Одно за другим! Тут еще Людка – Людка!!! – надумала замуж идти. И пригласила ее в свидетельницы. В свидетельницы! Какое унижение! Ли во всем привыкла быть первой. Она была уверена, что и замуж выйдет первая. Но с другой стороны, чему тут завидовать?

«Господи, где она такого урода выкопала?» – думала Ли. Простой рабочий. Под ногтями, конечно же, грязь. На лице – дебиловато-радостная улыбка. Вечно голодный. А тощий! Сирота казанская. Детдомовский, кажется. А фамилия! Козловский! Кто ему только такую в детдоме дал! Дура сестра. По нему же сразу видно – он никогда никем не станет. Так и останется бревном, дубиной, как есть сейчас. А Людка скоро будет нянчить своих пупсиков. Настоящих. Но самое смешное – Людка ушла из ресторана. К нему, на завод! Укладчица, или как ее там…

Свадьба была в родном ресторане. Все свои. От этого Ли было еще противнее. На всех фотографиях так и осталось ее кислое лицо. Когда она была недовольна, то смотрела чуть исподлобья, надувая губы, что придавало ей легкое сходство с овцой.

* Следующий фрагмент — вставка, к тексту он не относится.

lemma width_pos_of_chain:
  assumes "finite X" "set cs \<subseteq> X"
    and links: "\<forall>(u, v) \<in> set (zip (l # cs) (cs @ [r])). dist u v < 2"
  shows "0 < width l r X"
proof -
  define links where "links = set (zip (l # cs) (cs @ [r]))"
  define d where "d = Max ((\<lambda>(u, v). dist u v) ` links)"
  have "links \<noteq> {}"
    by (cases cs) (simp_all add: links_def)
  then have "d < 2"
    unfolding d_def using links by (subst Max_less_iff) (auto simp: links_def)
  have d_ge: "dist u v \<le> d" if "(u, v) \<in> links" for u v
    using Max_ge[OF _ imageI[OF that], of "\<lambda>(u, v). dist u v"] by (simp add: d_def links_def)
  have "0 \<le> d"
    using \<open>links \<noteq> {}\<close> d_ge by (metis ex_in_conv surj_pair zero_le_dist order_trans)
  obtain g where g: "path g" "pathstart g = l" "pathfinish g = r"
    "path_image g \<subseteq> insert l (\<Union>(u, v) \<in> links. closed_segment u v)"
  proof -
    have "zip (l # cs @ [r]) (cs @ [r]) = zip (l # cs) (cs @ [r])"
      using zip_append1[of "l # cs" "[r]" "cs @ [r]"] by simp
    then show ?thesis
      using polygonal_path_exists[of l "cs @ [r]"] that by (auto simp: links_def)
  qed
  have centres: "u \<in> insert l (insert r X) \<and> v \<in> insert l (insert r X)" if "(u, v) \<in> links" for u v
    using set_zip_leftD[of u v] set_zip_rightD[of u v] that \<open>set cs \<subseteq> X\<close>
    unfolding links_def by fastforce
  have "ball p (1 - d / 2) \<subseteq> occ l r X" if "p \<in> path_image g" for p
  proof -
    consider "p = l" | u v where "(u, v) \<in> links" "p \<in> closed_segment u v"
      using \<open>p \<in> path_image g\<close> g(4) by blast
    then show ?thesis
    proof cases
      case 1
      then show ?thesis
        using ball_subset_occ_segment[of l l r X l d p] \<open>0 \<le> d\<close> by simp
    next
      case 2
      then show ?thesis
        using centres d_ge ball_subset_occ_segment by blast
    qed
  qed
  then have "2 * (1 - d / 2) \<le> width l r X"
    using \<open>d < 2\<close> by (intro width_ge_of_tube[OF \<open>finite X\<close> _ g(1-3)]) auto
  then show ?thesis
    using \<open>d < 2\<close> by (simp add: algebra_simps)
qed

lemma exists_orthogonal_at_dist:
  fixes m v :: pt
  assumes "v \<noteq> 0" "0 \<le> \<rho>"
  obtains q where "inner (q - m) v = 0" "dist q m = \<rho>"
proof
  define n where "n = (- snd v, fst v)"
  have "norm n = norm v"
    by (cases v) (simp add: n_def norm_Pair add.commute)
  then show "dist (m + (\<rho> / norm v) *\<^sub>R n) m = \<rho>"
    using assms by (simp add: dist_norm)
  show "inner (m + (\<rho> / norm v) *\<^sub>R n - m) v = 0"
    by (cases v) (simp add: n_def inner_Pair algebra_simps)
qed

lemma bisector_mem_occ_iff:
  fixes l A r x :: pt
  assumes "dist l A \<le> 2" and x: "inner (x - midpoint l A) (A - l) = 0"
    and far: "\<And>c. c \<in> insert r Y \<Longrightarrow> dist l A < inner (c - midpoint l A) (A - l)"
  shows "x \<in> occ l r (insert A Y) \<longleftrightarrow> dist x (midpoint l A) \<le> sqrt (1 - (dist l A)\<^sup>2 / 4)"
proof -
  have "norm (A - l) = dist l A"
    by (simp add: dist_norm norm_minus_commute)
  then have "\<not> dist c x \<le> 1" if "c \<in> insert r Y" for c
    using one_less_dist_from_hyperplane[OF x, of c] far[OF that] by (simp add: dist_commute)
  then have "x \<in> occ l r (insert A Y) \<longleftrightarrow> dist x l \<le> 1 \<or> dist x A \<le> 1"
    by (auto simp: occ_def dist_commute)
  also have "\<dots> \<longleftrightarrow> (dist x l)\<^sup>2 \<le> 1 \<or> (dist x A)\<^sup>2 \<le> 1"
    by (simp add: power_le_one_iff)
  also have "\<dots> \<longleftrightarrow> (dist x (midpoint l A))\<^sup>2 \<le> 1 - (dist l A)\<^sup>2 / 4"
    using dist_sq_on_bisector[OF x] by auto
  also have "\<dots> \<longleftrightarrow> dist x (midpoint l A) \<le> sqrt (1 - (dist l A)\<^sup>2 / 4)"
    using real_le_rsqrt real_sqrt_le_iff by (metis real_sqrt_abs abs_of_nonneg zero_le_dist)
  finally show ?thesis .
qed

lemma width_le_of_bisector:
  fixes l A r :: pt
  assumes "0 < dist l A" "dist l A < 2"
    and far: "\<And>c. c \<in> insert r Y \<Longrightarrow> dist l A < inner (c - midpoint l A) (A - l)"
  shows "width l r (insert A Y) \<le> 6 * sqrt (1 - (dist l A)\<^sup>2 / 4)"
proof -
  define m v h where "m = midpoint l A" and "v = A - l" and "h = sqrt (1 - (dist l A)\<^sup>2 / 4)"
  have "(dist l A)\<^sup>2 < 2\<^sup>2"
    using \<open>dist l A < 2\<close> by (intro power_strict_mono) auto
  then have "0 < h"
    by (simp add: h_def)
  have bisector: "x \<in> occ l r (insert A Y) \<longleftrightarrow> dist x m \<le> h" if "inner (x - m) v = 0" for x
    using bisector_mem_occ_iff[OF _ that[unfolded m_def v_def] far] \<open>dist l A < 2\<close>
    by (simp add: m_def h_def)
  obtain q where "inner (q - m) v = 0" "dist q m = 2 * h"
    using exists_orthogonal_at_dist[of v "2 * h" m] \<open>0 < h\<close> assms(1) by (auto simp: v_def)
  then have "q \<notin> occ l r (insert A Y)"
    using bisector \<open>0 < h\<close> by simp
  have "width l r (insert A Y) \<le> 2 * (3 * h)"
  proof (rule width_le_of_bottleneck)
    fix g assume g: "path g" "pathstart g = l" "pathfinish g = r" "path_image g \<subseteq> occ l r (insert A Y)"
    have "pathstart g - m = (- 1 / 2) *\<^sub>R v"
      by (simp add: g(2) m_def v_def midpoint_def algebra_simps flip: scaleR_add_left)
    then have "inner (pathstart g - m) v \<le> 0"
      by simp
    moreover have "0 \<le> inner (pathfinish g - m) v"
      using far[of r, simplified] zero_le_dist[of l A] unfolding g(3) m_def v_def by linarith
    ultimately obtain p where p: "p \<in> path_image g" "inner (p - m) v = 0"
      using path_crosses_hyperplane[OF g(1)] by blast
    then have "dist p m \<le> h"
      using bisector g(4) by blast
    then have "dist p q \<le> 3 * h"
      using dist_triangle[of p q m] \<open>dist q m = 2 * h\<close> by (simp add: dist_commute)
    then show "\<exists>p \<in> path_image g. \<exists>q. q \<notin> occ l r (insert A Y) \<and> dist p q \<le> 3 * h"
      using p(1) \<open>q \<notin> occ l r (insert A Y)\<close> by blast
  qed (use \<open>0 < h\<close> in simp)
  then show ?thesis
    by (simp add: h_def)
qed

section \<open>Lower bounds for the Poisson probability\<close>

lemma shear_strip_sets:
  fixes f :: "real \<Rightarrow> real"
  assumes [measurable]: "f \<in> borel_measurable borel" "I \<in> sets borel" "J \<in> sets borel"
  shows "{p :: real \<times> real. fst p \<in> I \<and> snd p - f (fst p) \<in> J} \<in> sets borel"
proof -
  have "Measurable.pred (lborel \<Otimes>\<^sub>M lborel) (\<lambda>p :: real \<times> real. fst p \<in> I \<and> snd p - f (fst p) \<in> J)"
    by measurable
  then show ?thesis
    by (simp add: pred_def lborel_prod)
qed

lemma emeasure_shear_strip:
  fixes f :: "real \<Rightarrow> real"
  assumes [measurable]: "f \<in> borel_measurable borel" "I \<in> sets borel" "J \<in> sets borel"
  shows "emeasure lborel {p :: real \<times> real. fst p \<in> I \<and> snd p - f (fst p) \<in> J}
           = emeasure lborel I * emeasure lborel J"
proof -
  define S where "S = {p :: real \<times> real. fst p \<in> I \<and> snd p - f (fst p) \<in> J}"
  have [measurable]: "S \<in> sets (lborel \<Otimes>\<^sub>M lborel)"
    unfolding S_def lborel_prod using shear_strip_sets[OF assms] by simp
  have slice: "emeasure lborel (Pair x -` S) = emeasure lborel J * indicator I x" for x
  proof -
    have "emeasure lborel J = emeasure (distr lborel borel ((+) (- f x))) J"
      by (simp add: lborel_distr_plus)
    also have "\<dots> = emeasure lborel {y. y - f x \<in> J}"
      by (subst emeasure_distr) (auto intro!: arg_cong[where f = "emeasure lborel"])
    finally show ?thesis
      by (auto simp: S_def indicator_def)
  qed
  have "emeasure lborel S = emeasure (lborel \<Otimes>\<^sub>M lborel) S"
    by (simp add: lborel_prod)
  also have "\<dots> = (\<integral>\<^sup>+x. emeasure lborel (Pair x -` S) \<partial>lborel)"
    by (rule lborel.emeasure_pair_measure_alt) measurable
  also have "\<dots> = emeasure lborel J * emeasure lborel I"
    by (simp add: slice nn_integral_cmult_indicator)
  finally show ?thesis
    by (simp add: S_def mult.commute)
qed

lemma ppp_prob_ge_product:
  fixes G :: "nat \<Rightarrow> pt set"
  assumes "B \<in> sets lborel" "\<And>i. i < n \<Longrightarrow> G i \<in> sets lborel" "\<And>i. i < n \<Longrightarrow> G i \<subseteq> B"
    and config: "\<And>xs. xs \<in> PiE {..<n} G \<Longrightarrow> xs ` {..<n} \<in> E"
  shows "ennreal (exp (- lam * measure lborel B) * lam ^ n / fact n) * (\<Prod>i<n. emeasure lborel (G i))
           \<le> ppp_prob lam B E"
proof -
  define M where "M = restrict_space lborel B"
  interpret product_sigma_finite "\<lambda>_::nat. M"
    unfolding product_sigma_finite_def M_def
    using sigma_finite_measure_restrict_space[OF lborel.sigma_finite_measure_axioms \<open>B \<in> sets lborel\<close>]
    by simp
  have sets_M: "G i \<in> sets M" and emeasure_M: "emeasure M (G i) = emeasure lborel (G i)" if "i < n" for i
    using assms(1-3) that unfolding M_def
    by (simp_all add: sets_restrict_space_iff emeasure_restrict_space)
  have "(\<Prod>i<n. emeasure lborel (G i)) = emeasure (PiM {..<n} (\<lambda>_. M)) (PiE {..<n} G)"
    by (subst emeasure_PiM) (simp_all add: sets_M emeasure_M)
  also have "\<dots> = (\<integral>\<^sup>+ xs. indicator (PiE {..<n} G) xs \<partial>PiM {..<n} (\<lambda>_. M))"
    by (intro nn_integral_indicator[symmetric] sets_PiM_I_finite) (simp_all add: sets_M)
  also have "\<dots> \<le> (\<integral>\<^sup>+ xs. indicator E (xs ` {..<n}) \<partial>PiM {..<n} (\<lambda>_. M))"
    by (intro nn_integral_mono) (auto simp: indicator_def config)
  finally have "ennreal (exp (- lam * measure lborel B) * lam ^ n / fact n) * (\<Prod>i<n. emeasure lborel (G i))
      \<le> ennreal (exp (- lam * measure lborel B) * lam ^ n / fact n) *
        (\<integral>\<^sup>+ xs. indicator E (xs ` {..<n}) \<partial>PiM {..<n} (\<lambda>_. M))"
    by (rule mult_left_mono) simp
  also have "\<dots> \<le> ppp_prob lam B E"
    unfolding ppp_prob_def M_def
    by (rule sum_le_suminf[where I = "{n}", simplified]) auto
  finally show ?thesis .
qed

section \<open>The thin configuration\<close>

lemma dist_less_of_coord_bounds:
  fixes x y :: pt
  assumes "- X \<le> fst x - fst y" "fst x - fst y \<le> X" "- Y \<le> snd x - snd y" "snd x - snd y \<le> Y"
    and "X\<^sup>2 + Y\<^sup>2 < d\<^sup>2" "0 \<le> d"
  shows "dist x y < d"
proof -
  have "\<bar>fst x - fst y\<bar> \<le> X" "\<bar>snd x - snd y\<bar> \<le> Y"
    using assms(1-4) by linarith+
  then have "(fst x - fst y)\<^sup>2 \<le> X\<^sup>2" "(snd x - snd y)\<^sup>2 \<le> Y\<^sup>2"
    using power_mono[OF _ abs_ge_zero, of _ X 2] power_mono[OF _ abs_ge_zero, of _ Y 2]
    by simp_all
  then have "sqrt ((fst x - fst y)\<^sup>2 + (snd x - snd y)\<^sup>2) < sqrt (d\<^sup>2)"
    using assms(5) by (subst real_sqrt_less_iff) linarith
  then show ?thesis
    using \<open>0 \<le> d\<close> by (simp add: dist_prod_def dist_real_def)
qed

lemma bilinear_lower_bound:
  fixes x y v w X Y V W :: real
  assumes "0 \<le> X" "X \<le> x" "0 \<le> V" "V \<le> v" "0 \<le> Y" "- Y \<le> y" "0 \<le> w" "w \<le> W"
  shows "X * V - Y * W \<le> x * v + y * w"
proof -
  have "X * V \<le> x * v"
    using assms by (intro mult_mono) auto
  moreover have "- (Y * W) \<le> - (Y * w)"
    using assms by (simp add: mult_left_mono)
  moreover have "- Y * w \<le> y * w"
    using assms by (intro mult_right_mono)
  ultimately show ?thesis
    by linarith
qed

definition neck_region :: "real \<Rightarrow> pt \<Rightarrow> pt set" where
  "neck_region a l = {p. fst p \<in> {fst l + 39/20 .. fst l + 199/100} \<and>
     snd p - (snd l + sqrt (4 - (fst p - fst l)\<^sup>2)) \<in> {- a\<^sup>2 / 8 .. - a\<^sup>2 / 16}}"

definition square :: "pt \<Rightarrow> pt set" where
  "square c = {fst c - 1/20 .. fst c + 1/20} \<times> {snd c - 1/20 .. snd c + 1/20}"

definition relay :: "pt \<Rightarrow> pt \<Rightarrow> real \<Rightarrow> pt" where
  "relay l r t = (1 - t) *\<^sub>R (l + (197/100, 3/10)) + t *\<^sub>R (r - (8/5, 0))"

lemma neck_region_coords:
  assumes "A \<in> neck_region a l" "0 < a" "a \<le> 1"
  shows "39/20 \<le> fst A - fst l" "fst A - fst l \<le> 199/100"
    and "13/200 \<le> snd A - snd l" "snd A - snd l \<le> 89/200"
    and "0 < 4 - (dist l A)\<^sup>2" "4 - (dist l A)\<^sup>2 < 4 * a\<^sup>2 / 9"
proof -
  define v1 v2 where "v1 = fst A - fst l" and "v2 = snd A - snd l"
  define s where "s = sqrt (4 - v1\<^sup>2)"
  have v1: "39/20 \<le> v1" "v1 \<le> 199/100" and v2: "s - a\<^sup>2/8 \<le> v2" "v2 \<le> s - a\<^sup>2/16"
    using assms(1) by (auto simp: neck_region_def v1_def v2_def s_def)
  then have "(39/20)\<^sup>2 \<le> v1\<^sup>2" "v1\<^sup>2 \<le> (199/100)\<^sup>2"
    by (auto intro: power_mono)
  then have "sqrt ((19/100)\<^sup>2) \<le> s" "s \<le> sqrt ((89/200)\<^sup>2)"
    unfolding s_def by (simp_all add: power2_eq_square)
  then have s: "19/100 \<le> s" "s \<le> 89/200"
    by simp_all
  have "0 < a\<^sup>2" "a\<^sup>2 \<le> 1"
    using assms(2,3) by (simp_all add: power_le_one)
  then show "39/20 \<le> fst A - fst l" "fst A - fst l \<le> 199/100"
    and "13/200 \<le> snd A - snd l" "snd A - snd l \<le> 89/200"
    using v1 v2 s unfolding v1_def v2_def by linarith+
  have "(dist l A)\<^sup>2 = v1\<^sup>2 + v2\<^sup>2"
    by (simp add: dist_prod_def dist_real_def v1_def v2_def power2_commute)
  moreover have "s\<^sup>2 = 4 - v1\<^sup>2"
    unfolding s_def using \<open>v1\<^sup>2 \<le> (199/100)\<^sup>2\<close> by (simp add: power2_eq_square)
  ultimately have factor: "4 - (dist l A)\<^sup>2 = (s - v2) * (s + v2)"
    by (simp add: power2_eq_square algebra_simps)
  have diff: "0 < s - v2" "s - v2 \<le> a\<^sup>2 / 8" and sum: "0 < s + v2" "s + v2 \<le> 89/100"
    using v2 s \<open>0 < a\<^sup>2\<close> \<open>a\<^sup>2 \<le> 1\<close> by linarith+
  have "0 < (s - v2) * (s + v2)"
    using diff(1) sum(1) by (rule mult_pos_pos)
  moreover have "(s - v2) * (s + v2) \<le> a\<^sup>2 / 8 * (89/100)"
    using diff(2) sum(2) by (rule mult_mono) (use sum(1) in simp_all)
  ultimately
  show "0 < 4 - (dist l A)\<^sup>2" "4 - (dist l A)\<^sup>2 < 4 * a\<^sup>2 / 9"
    unfolding factor using \<open>0 < a\<^sup>2\<close> by linarith+
qed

Особенно в профиль, потому что подбородок у нее был невыразительный, скошенный.

Ох, и напилась же Ли на свадьбе сестры! Она помнила все только до определенного момента. Помнила, как поднимали тост за будущее детей молодоженов, орали «горько», потом кто-то стал пить за день работников общепита, помнила, как инженеришка маячил за окном на своем обычном посту, помнила, как упала, закружившись в танце… Проснулась в незнакомой квартире.

Коммуналка. Кто-то хлопал дверями, ругался на кухне… Во рту было нестерпимо тухло. Голова еще кружилась. Бедняцкая, почти казарменная обстановка холостяцкого жилья. На крашенной стене висел… ее портрет. Незнакомый мужик сидел за столом спиной к ней. Из одежды на нем были только трусы в социалистический цветочек. Вдруг он обернулся. Благородные тонкие черты озарила виноватая улыбка.

– Доброе утро, – вежливо сказал он.

«Инженеришка!» – мелькнуло у Ли.

– Меня зовут Андрей.

Она вскочила, закрываясь простыней. Он расхохотался.

– Да ты не смущайся!

Теперь она увидела, что он ел из железной банки зеленый горошек. От вида еды ей чуть не стало дурно. Он усадил ее.

– Ты сиди. Я за водой сбегаю.

И исчез за дверью. Когда он пришел, Ли уже была полностью одета. Она хотела бежать. Он загородил собой дверь. Вода из стакана расплескалась. Он брякнул его на первую попавшуюся поверхность. Задвинул щеколду и быстро, умело начал раздевать ее. Сама не зная почему, Ли не стала сопротивляться. И дело было не в том, что сил не было. Навалилось какое-то странное оцепенение, когда он гладил ее затылок, одновременно расстегивая кофту. Голубые его глаза стали совсем черными…

Пока он без сил лежал на кровати, Ли, мучаясь жаждой, схватила стакан с остатками влаги. Сделала большой глоток, задохнулась… В принесенном Андреем стакане была водка…

Она вышла за него замуж. Зачем? Просто вышла и все. Не могла иначе. Андрей заворожил ее своей страстностью. И Ли подумала: «А вдруг это ОН?»

Первой странностью мужа оказалось то, что он попросил, чтобы на свадьбу она надела те цветы из флердоранжа, что носила в ресторане. Ли долго не сопротивлялась его желанию. Ей было все равно.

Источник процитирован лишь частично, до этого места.